Mistro triplica «La crisi si batte con la qualità»

Venerdì 26 Agosto 2016
Mistro triplica «La crisi si batte con la qualità»
Mistro: allora investire in centro storico conviene ancora.
«Io parlo per il mio settore, la ristorazione. Negli ultimi anni abbiamo assistito all'apertura di tanti locali che dopo sei mesi, un anno al massimo, hanno chiuso. Quasi tutti erano gestiti da gente non preparata oppure che non aveva ben riflettuto se valesse veramente la pena di aprire in un determinato posto piuttosto che in un altro. E poi c'è chi si è fatto ammaliare dall'idea che a Treviso fosse facile fare soldi».
Veramente c'era questa convinzione?
«Sì. Per molto tempo, in altre province, c'era la convinzione che a Treviso si stesse talmente bene da non esserci problemi, che la gente spendesse senza troppi pensieri e che si potesse fare soldi semplicemente aprendo un locale. Poi si sono accorti che le cose non stanno così».
Tutta colpa della crisi.
«Fino a un certo punto. Nella ristorazione, anche durante il periodo più duro della crisi, chi ha puntato sulla qualità ha lavorato. Del resto chi una volta andava a mangiare fuori anche cinque volte la settimana, in tempo di ristrettezze ha ridotto le uscite a due. Ma quelle due volte però vuole qualità e professionalità. E chi sa garantirle, vince. Negli ultimi dieci anni a Treviso ha resistito solo chi ha saputo dare qualcosa in più puntando sulla qualità. Il resto è stato espulso dal mercato».
Quindi Treviso è appetibile, a patto di avere le idee chiare.
«È così. E poi, adesso, è anche un momento favorevole. Siamo alla vigilia dell'apertura della mostra di Goldin, poi ci sarà l'adunata degli Alpini e altre manifestazioni volute dalla giunta comunale. Tutto questo potrebbe veramente essere un toccasana per il nostro settore ma anche per l'intero mondo del commercio».
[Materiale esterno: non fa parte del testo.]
lemma blk_msum:
  assumes f: "\<forall>l<K. f l \<in> carrier_mat (k*d) (k*d)" and ab: "a < k" "b < k"
  shows "blk d (msum (k*d) f K) a b = msum d (\<lambda>l. blk d (f l) a b) K"
proof (rule eq_matI)
  have "\<forall>l<K. blk d (f l) a b \<in> carrier_mat d d" by simp
  note blocks = carrier_msum[OF this] index_msum[OF this]
  fix i j assume "i < dim_row (msum d (\<lambda>l. blk d (f l) a b) K)" "j < dim_col (msum d (\<lambda>l. blk d (f l) a b) K)"
  then have ij: "i < d" "j < d" using blocks(1) by auto
  then show "blk d (msum (k*d) f K) a b $$ (i,j) = msum d (\<lambda>l. blk d (f l) a b) K $$ (i,j)"
    using ab block_index_less by (simp add: index_msum[OF f] blocks(2))
qed (use carrier_msum[of K "\<lambda>l. blk d (f l) a b" d] in auto)

lemma carrier_blockmap [simp]: "blockmap r m n \<psi> V \<in> carrier_mat (r*n) (r*n)"
  by (simp add: blockmap_def)

lemma index_blockmap:
  "a < r \<Longrightarrow> b < r \<Longrightarrow> s < n \<Longrightarrow> t < n \<Longrightarrow>
   blockmap r m n \<psi> V $$ (a*n+s, b*n+t) = \<psi> (blk m V a b) $$ (s, t)"
  using block_index_less[of a r s n] block_index_less[of b r t n] by (simp add: blockmap_def)

lemma blk_blockmap:
  assumes "a < r" "b < r" "\<psi> (blk m V a b) \<in> carrier_mat n n"
  shows "blk n (blockmap r m n \<psi> V) a b = \<psi> (blk m V a b)"
  by (rule eq_matI) (use assms index_blockmap in auto)

lemma carrier_kron: "A \<in> carrier_mat p p \<Longrightarrow> B \<in> carrier_mat q q \<Longrightarrow> kron A B \<in> carrier_mat (p*q) (p*q)"
  by (simp add: kron_def)

lemma index_kron:
  "A \<in> carrier_mat p p \<Longrightarrow> B \<in> carrier_mat q q \<Longrightarrow> a < p \<Longrightarrow> b < p \<Longrightarrow> i < q \<Longrightarrow> j < q \<Longrightarrow>
   kron A B $$ (a*q+i, b*q+j) = A $$ (a, b) * B $$ (i, j)"
  using block_index_less[of a p i q] block_index_less[of b p j q] by (simp add: kron_def)

lemma blk_kron:
  assumes "A \<in> carrier_mat p p" "B \<in> carrier_mat q q" "a < p" "b < p"
  shows "blk q (kron A B) a b = A $$ (a,b) \<cdot>\<^sub>m B"
  by (rule eq_matI) (use assms index_kron in auto)

lemma kron_smult_left:
  assumes A: "A \<in> carrier_mat p p" and B: "B \<in> carrier_mat q q"
  shows "kron (c \<cdot>\<^sub>m A) B = c \<cdot>\<^sub>m kron A B"
proof (rule blk_eqI[of _ p q])
  have cA: "c \<cdot>\<^sub>m A \<in> carrier_mat p p" using A by simp
  then show "kron (c \<cdot>\<^sub>m A) B \<in> carrier_mat (p*q) (p*q)" using carrier_kron B by blast
  show "c \<cdot>\<^sub>m kron A B \<in> carrier_mat (p*q) (p*q)" using carrier_kron[OF A B] by simp
  fix a b assume ab: "a < p" "b < p"
  show "blk q (kron (c \<cdot>\<^sub>m A) B) a b = blk q (c \<cdot>\<^sub>m kron A B) a b"
    using A ab by (simp add: blk_kron[OF cA B ab] blk_smult[OF carrier_kron[OF A B] ab] blk_kron[OF A B ab]
        smult_smult_mat)
qed
(* Let $K\subset L$ be a finite separable extension of commutative fields. Let $B$ be a $K$-subspace of $L$ containing $1$. Then the smallest integer $n\geq1$ such that $\langle B^n\rangle$ is a field satisfies $n\leq 2\dim_KL/\dim_KB$.
   Context: For $S\subset L$, $\langle S\rangle$ denotes the $K$-subspace of $L$ spanned by $S$. $B^m=\{b_1\cdots b_m\mid b_i\in B\}$ is the $m$-fold product set. *)

theory Defs
  imports "HOL-Algebra.Algebra"
begin

text \<open>Formal derivative of a polynomial in the HOL-Algebra list representation
  (coefficients listed from the leading one down to the constant term).\<close>
definition (in ring) pderiv_list :: "'a list \<Rightarrow> 'a list" where
  "pderiv_list p =
     normalize (map (\<lambda>i. add_pow R (length p - 1 - i) (p ! i)) [0..< length p - 1])"

definition (in ring) separable_poly :: "'a set \<Rightarrow> 'a list \<Rightarrow> bool" where
  "separable_poly K p \<longleftrightarrow>
     (\<forall>d \<in> carrier (K[X]). d divides\<^bsub>K[X]\<^esub> p \<and> d divides\<^bsub>K[X]\<^esub> pderiv_list p
        \<longrightarrow> d \<in> Units (K[X]))"

definition (in ring) separable_elem :: "'a set \<Rightarrow> 'a \<Rightarrow> bool" where
  "separable_elem K x \<longleftrightarrow> algebraic K x \<and> separable_poly K (Irr K x)"

definition (in ring) separable_ext :: "'a set \<Rightarrow> bool" where
  "separable_ext K \<longleftrightarrow> (\<forall>x \<in> carrier R. separable_elem K x)"

fun (in ring) prod_set :: "'a set \<Rightarrow> nat \<Rightarrow> 'a set" where
  "prod_set B 0 = {\<one>}"
| "prod_set B (Suc m) = {b \<otimes> c | b c. b \<in> B \<and> c \<in> prod_set B m}"

definition (in ring) span_set :: "'a set \<Rightarrow> 'a set \<Rightarrow> 'a set" where
  "span_set K S = (\<Union> {Span K Us | Us. set Us \<subseteq> S})"

end

theory Submission
  imports Defs
begin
Lei ha puntato sul Cavallino, locale che ha un suo posto ben specifico nella storia di Treviso ma chiuso da molti anni. È amante del rischio?
«Non sono stato il primo a tentare di prendere il Cavallino. Prima di me ci hanno provato altri cinquanta imprenditori, ma il proprietario dello stabile ha sempre detto di no perché voleva preservare la tradizione trevigiana. Avrebbe potuto cedere e aprirci un ristorante cinese o un punto ristoro di qualche grande catena americana. Invece gli è piaciuto il mio progetto basato sulla cucina tradizionale. Ma ho dovuto faticare non poco per convincerlo, gli sono stato dietro almeno sei mesi. È ovviamente una sfida, ma ci credo».
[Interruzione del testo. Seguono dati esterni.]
text \<open>Lagrangian coefficient L_k(t) = pi_alpha dphi_alpha/dt^k - H_k(L(t)),
 where h k is H_k expressed in the orbit coordinates xi.\<close>
definition Lag ::
  "('a::finite \<Rightarrow> complex^'a \<Rightarrow> complex) \<Rightarrow> ('m \<Rightarrow> complex^'a \<Rightarrow> complex)
   \<Rightarrow> ('n \<Rightarrow> complex^'m \<Rightarrow> complex) \<Rightarrow> (real^'n \<Rightarrow> complex^'a) \<Rightarrow> 'n \<Rightarrow> real^'n \<Rightarrow> complex" where
  "Lag \<pi> \<xi> h \<phi> k t =
     (\<Sum>\<alpha>\<in>UNIV. \<pi> \<alpha> (\<phi> t) * tpartial (\<lambda>s. \<phi> s $ \<alpha>) k t) - h k (xivec \<xi> (\<phi> t))"

definition Ups ::
  "('m::finite \<Rightarrow> complex^'a \<Rightarrow> complex) \<Rightarrow> ('m \<Rightarrow> 'm \<Rightarrow> complex^'m \<Rightarrow> complex)
   \<Rightarrow> ('n \<Rightarrow> complex^'m \<Rightarrow> complex) \<Rightarrow> (real^'n \<Rightarrow> complex^'a) \<Rightarrow> 'n \<Rightarrow> 'm \<Rightarrow> real^'n \<Rightarrow> complex" where
  "Ups \<xi> \<omega> h \<phi> k n t =
     (\<Sum>m\<in>UNIV. \<omega> m n (xivec \<xi> (\<phi> t)) * tpartial (\<lambda>s. \<xi> m (\<phi> s)) k t)
     - cpartial (h k) n (xivec \<xi> (\<phi> t))"

definition PB :: "('m::finite \<Rightarrow> 'm \<Rightarrow> complex^'m \<Rightarrow> complex) \<Rightarrow> (complex^'m \<Rightarrow> complex)
   \<Rightarrow> (complex^'m \<Rightarrow> complex) \<Rightarrow> complex^'m \<Rightarrow> complex" where
  "PB P f g y = (\<Sum>m\<in>UNIV. \<Sum>n\<in>UNIV. P m n y * cpartial f m y * cpartial g n y)"

end

theory Submission
  imports Defs
begin

(*
  Write u_k = d phi / d t^k and x_k = d xi (u_k).  Differentiating L_k along t^l, the terms
  containing second derivatives of phi drop out of d_l L_k - d_k L_l by the symmetry of mixed
  partials, and the terms containing d pi give d pi (u_l, u_k) - d pi (u_k, u_l) = omega (x_k, x_l)
  by the normalisation Omega = xi^* omega.  Since Upsilon_k = omega^T x_k - dH_k and P is the
  inverse of the antisymmetric omega, Upsilon_k P Upsilon_l expands to
  - omega (x_k, x_l) - <x_k, dH_l> + <dH_k, x_l> + {H_k, H_l}_R, and everything but the bracket cancels.
  The identity is pointwise.
*)

lemma has_vector_derivative_along_line:
  fixes F :: "'x::real_normed_vector \<Rightarrow> 'b::real_normed_vector"
  assumes "(F has_derivative F') (at (q + x *\<^sub>R v))"
  shows "((\<lambda>s. F (q + s *\<^sub>R v)) has_vector_derivative F' v) (at x)"
proof -
  have "((\<lambda>s::real. q + s *\<^sub>R v) has_derivative (\<lambda>s. s *\<^sub>R v)) (at x)"
    by (auto intro!: derivative_eq_intros)
  from has_derivative_compose[OF this assms]
  have "((\<lambda>s. F (q + s *\<^sub>R v)) has_derivative (\<lambda>s. F' (s *\<^sub>R v))) (at x)"
    by (simp add: o_def)
  moreover have "F' (s *\<^sub>R v) = s *\<^sub>R F' v" for s
    using linear_scale[OF has_derivative_linear[OF assms]] .
  ultimately show ?thesis by (simp add: has_vector_derivative_def)
qed

lemma tpartial_eq_derivative:
  fixes F :: "real^'n \<Rightarrow> 'b::real_normed_vector"
  assumes "(F has_derivative F') (at p)"
  shows "tpartial F k p = F' (axis k 1)"
  unfolding tpartial_def
  using has_vector_derivative_along_line[of F F' p 0 "axis k 1"] assms
  by (simp add: vector_derivative_at)

lemma tpartial_component:
  fixes F :: "real^'n \<Rightarrow> 'b::real_normed_vector^'i"
  assumes "(F has_derivative F') (at p)"
  shows "tpartial (\<lambda>s. F s $ i) k p = tpartial F k p $ i"
  using tpartial_eq_derivative[OF assms]
    tpartial_eq_derivative[OF bounded_linear.has_derivative[OF bounded_linear_vec_nth assms]]
  by simp

lemma smooth_t_on_differentiable_on:
  assumes "smooth_t_on U f"
  shows "f differentiable_on U" and "tpartial f k differentiable_on U"
    and "tpartial (tpartial f k) l differentiable_on U"
proof -
  have "foldr (\<lambda>k g. tpartial g k) ks f differentiable_on U" for ks
    using assms by (simp add: smooth_t_on_def)
  from this[of "[]"] this[of "[k]"] this[of "[l, k]"] show
    "f differentiable_on U" "tpartial f k differentiable_on U"
    "tpartial (tpartial f k) l differentiable_on U"
    by simp_all
qed

lemma increment_linearization_bound:
  fixes g :: "real \<Rightarrow> 'b::real_normed_vector"
  assumes h: "0 \<le> h"
    and der: "\<And>y. y \<in> {0..h} \<Longrightarrow> (g has_vector_derivative g' y) (at y)"
    and close: "\<And>y. y \<in> {0..h} \<Longrightarrow> norm (g' y - D) \<le> e"
  shows "norm (g h - g 0 - h *\<^sub>R D) \<le> 3 * e * h"
proof -
  have "norm (g h - g 0 - (h - 0) *\<^sub>R g' 0) \<le> norm (h - 0) * (2 * e)"
  proof (rule vector_differentiable_bound_linearization[where S="{0..h}"])
    show "(g has_vector_derivative g' y) (at y within {0..h})" if "y \<in> {0..h}" for y
      using der[OF that] has_vector_derivative_at_within by blast
    show "closed_segment 0 h \<subseteq> {0..h}" using h by (simp add: closed_segment_eq_real_ivl)
    show "0 \<in> {0..h}" using h by simp
    show "norm (g' y - g' 0) \<le> 2 * e" if "y \<in> {0..h}" for y
      using close[OF that] close[of 0] h norm_triangle_ineq4[of "g' y - D" "g' 0 - D"] by simp
  qed
  moreover have "norm (h *\<^sub>R g' 0 - h *\<^sub>R D) \<le> h * e"
    using close[of 0] h by (simp add: mult_left_mono flip: scaleR_diff_right)
  ultimately show ?thesis
    using h norm_triangle_ineq[of "g h - g 0 - h *\<^sub>R g' 0" "h *\<^sub>R g' 0 - h *\<^sub>R D"]
    by (simp add: algebra_simps)
qed

definition second_difference ::
  "('x::real_vector \<Rightarrow> 'b::real_vector) \<Rightarrow> 'x \<Rightarrow> 'x \<Rightarrow> 'x \<Rightarrow> real \<Rightarrow> 'b" where
  "second_difference f t a b h = f (t + h *\<^sub>R a + h *\<^sub>R b) - f (t + h *\<^sub>R a) - f (t + h *\<^sub>R b) + f t"

lemma second_difference_commute: "second_difference f t a b h = second_difference f t b a h"
  by (simp add: second_difference_def algebra_simps)

text \<open>Linearise \<open>x \<mapsto> f (t + h b + x a) - f (t + x a)\<close>, whose derivative
  \<open>ga (t + x a + h b) - ga (t + x a)\<close> is in turn linearised in the direction \<open>b\<close>.\<close>
lemma second_difference_bound:
  fixes f :: "'x::real_normed_vector \<Rightarrow> 'b::real_normed_vector"
  assumes h: "0 < h" "2 * h < r" and na: "norm a = 1" and nb: "norm b = 1"
    and f': "\<And>p. p \<in> ball t r \<Longrightarrow> (f has_derivative f' p) (at p)"
    and ga: "\<And>p. p \<in> ball t r \<Longrightarrow> f' p a = ga p"
    and ga': "\<And>p. p \<in> ball t r \<Longrightarrow> (ga has_derivative ga' p) (at p)"
    and close: "\<And>p. p \<in> ball t r \<Longrightarrow> norm (ga' p b - D) \<le> e"
  shows "norm (second_difference f t a b h - (h * h) *\<^sub>R D) \<le> 9 * e * h * h"
proof -
  have in_ball: "t + x *\<^sub>R a + y *\<^sub>R b \<in> ball t r" if "x \<in> {0..h}" "y \<in> {0..h}" for x y
  proof -
    have "norm (x *\<^sub>R a + y *\<^sub>R b) \<le> x + y"
      using that na nb norm_triangle_ineq[of "x *\<^sub>R a" "y *\<^sub>R b"] by simp
    then show ?thesis using that h by (simp add: dist_norm norm_minus_commute add.commute)
  qed
  have ga_increment: "norm (ga (t + x *\<^sub>R a + h *\<^sub>R b) - ga (t + x *\<^sub>R a) - h *\<^sub>R D) \<le> 3 * e * h"
    if x: "x \<in> {0..h}" for x
    using increment_linearization_bound[where g="\<lambda>y. ga (t + x *\<^sub>R a + y *\<^sub>R b)"
        and g'="\<lambda>y. ga' (t + x *\<^sub>R a + y *\<^sub>R b) b"] h
      has_vector_derivative_along_line[OF ga'[OF in_ball[OF x]]] close[OF in_ball[OF x]]
    by simp
  define \<Delta> where "\<Delta> x = f (t + h *\<^sub>R b + x *\<^sub>R a) - f (t + x *\<^sub>R a)" for x
  have "norm (\<Delta> h - \<Delta> 0 - h *\<^sub>R (h *\<^sub>R D)) \<le> 3 * (3 * e * h) * h"
  proof (rule increment_linearization_bound[where g'="\<lambda>x. ga (t + x *\<^sub>R a + h *\<^sub>R b) - ga (t + x *\<^sub>R a)"])
    fix x assume x: "x \<in> {0..h}"
    have swap: "t + h *\<^sub>R b + x *\<^sub>R a = t + x *\<^sub>R a + h *\<^sub>R b" by (simp add: algebra_simps)
    have "t + h *\<^sub>R b + x *\<^sub>R a \<in> ball t r" "t + x *\<^sub>R a \<in> ball t r"
      using in_ball[OF x, of h] in_ball[OF x, of 0] h by (auto simp: swap)
    from this[THEN f', THEN has_vector_derivative_along_line]
    show "(\<Delta> has_vector_derivative ga (t + x *\<^sub>R a + h *\<^sub>R b) - ga (t + x *\<^sub>R a)) (at x)"
      unfolding \<Delta>_def using has_vector_derivative_diff ga in_ball[OF x, of h] in_ball[OF x, of 0] h
      by (simp add: swap)
    show "norm (ga (t + x *\<^sub>R a + h *\<^sub>R b) - ga (t + x *\<^sub>R a) - h *\<^sub>R D) \<le> 3 * e * h"
      by (rule ga_increment[OF x])
  qed (use h in simp)
  moreover have "\<Delta> h - \<Delta> 0 - h *\<^sub>R (h *\<^sub>R D) = second_difference f t a b h - (h * h) *\<^sub>R D"
    unfolding \<Delta>_def second_difference_def by (simp add: algebra_simps)
  ultimately show ?thesis by (simp add: mult_ac)
qed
Però apre in un punto che è pur sempre ai margini del centro storico, dall'altra parte della città rispetto anche alla zone della mostra.
«Ma la gente va fuori provincia per mangiare il pesce, oppure va nel padovano per il bollito o sul Montello per i funghi: noi portiamo tutto questo qui. E contiamo che vengano a trovarci. E poi le sfide mi piacciono: nella mia carriera ho sempre puntato su locali storici in decadenza. Ho preso il Caffè Teatro quando era chiuso e nessuno lo voleva; la Colonnetta su cui nessuno metteva mano da trent'anni; il bar Borsa chiuso da un anno. Adesso il Cavallino, per i prossimi dodici anni, tornerà un ristorante tipico».
A proposito del bar Borsa: che fine farà?
«Ovviamente rimane. Ma il suo destino è legato a cosa farà la Camera di Commercio, noi siamo in affitto. Se, come si sente in giro, verrà venduto tutto l'immobile per noi diventa tutto incerto. Dipenderà da chi compra. Staremo a vedere».
E il menù dell'inaugurazione del Cavallino?
«Un classico: risotto con i "durei", bigoli in salsa, gnocchi con il baccalà alla Vicentina, seppie in umido. La cucina della tradizione sarà il nostro punto di riferimento».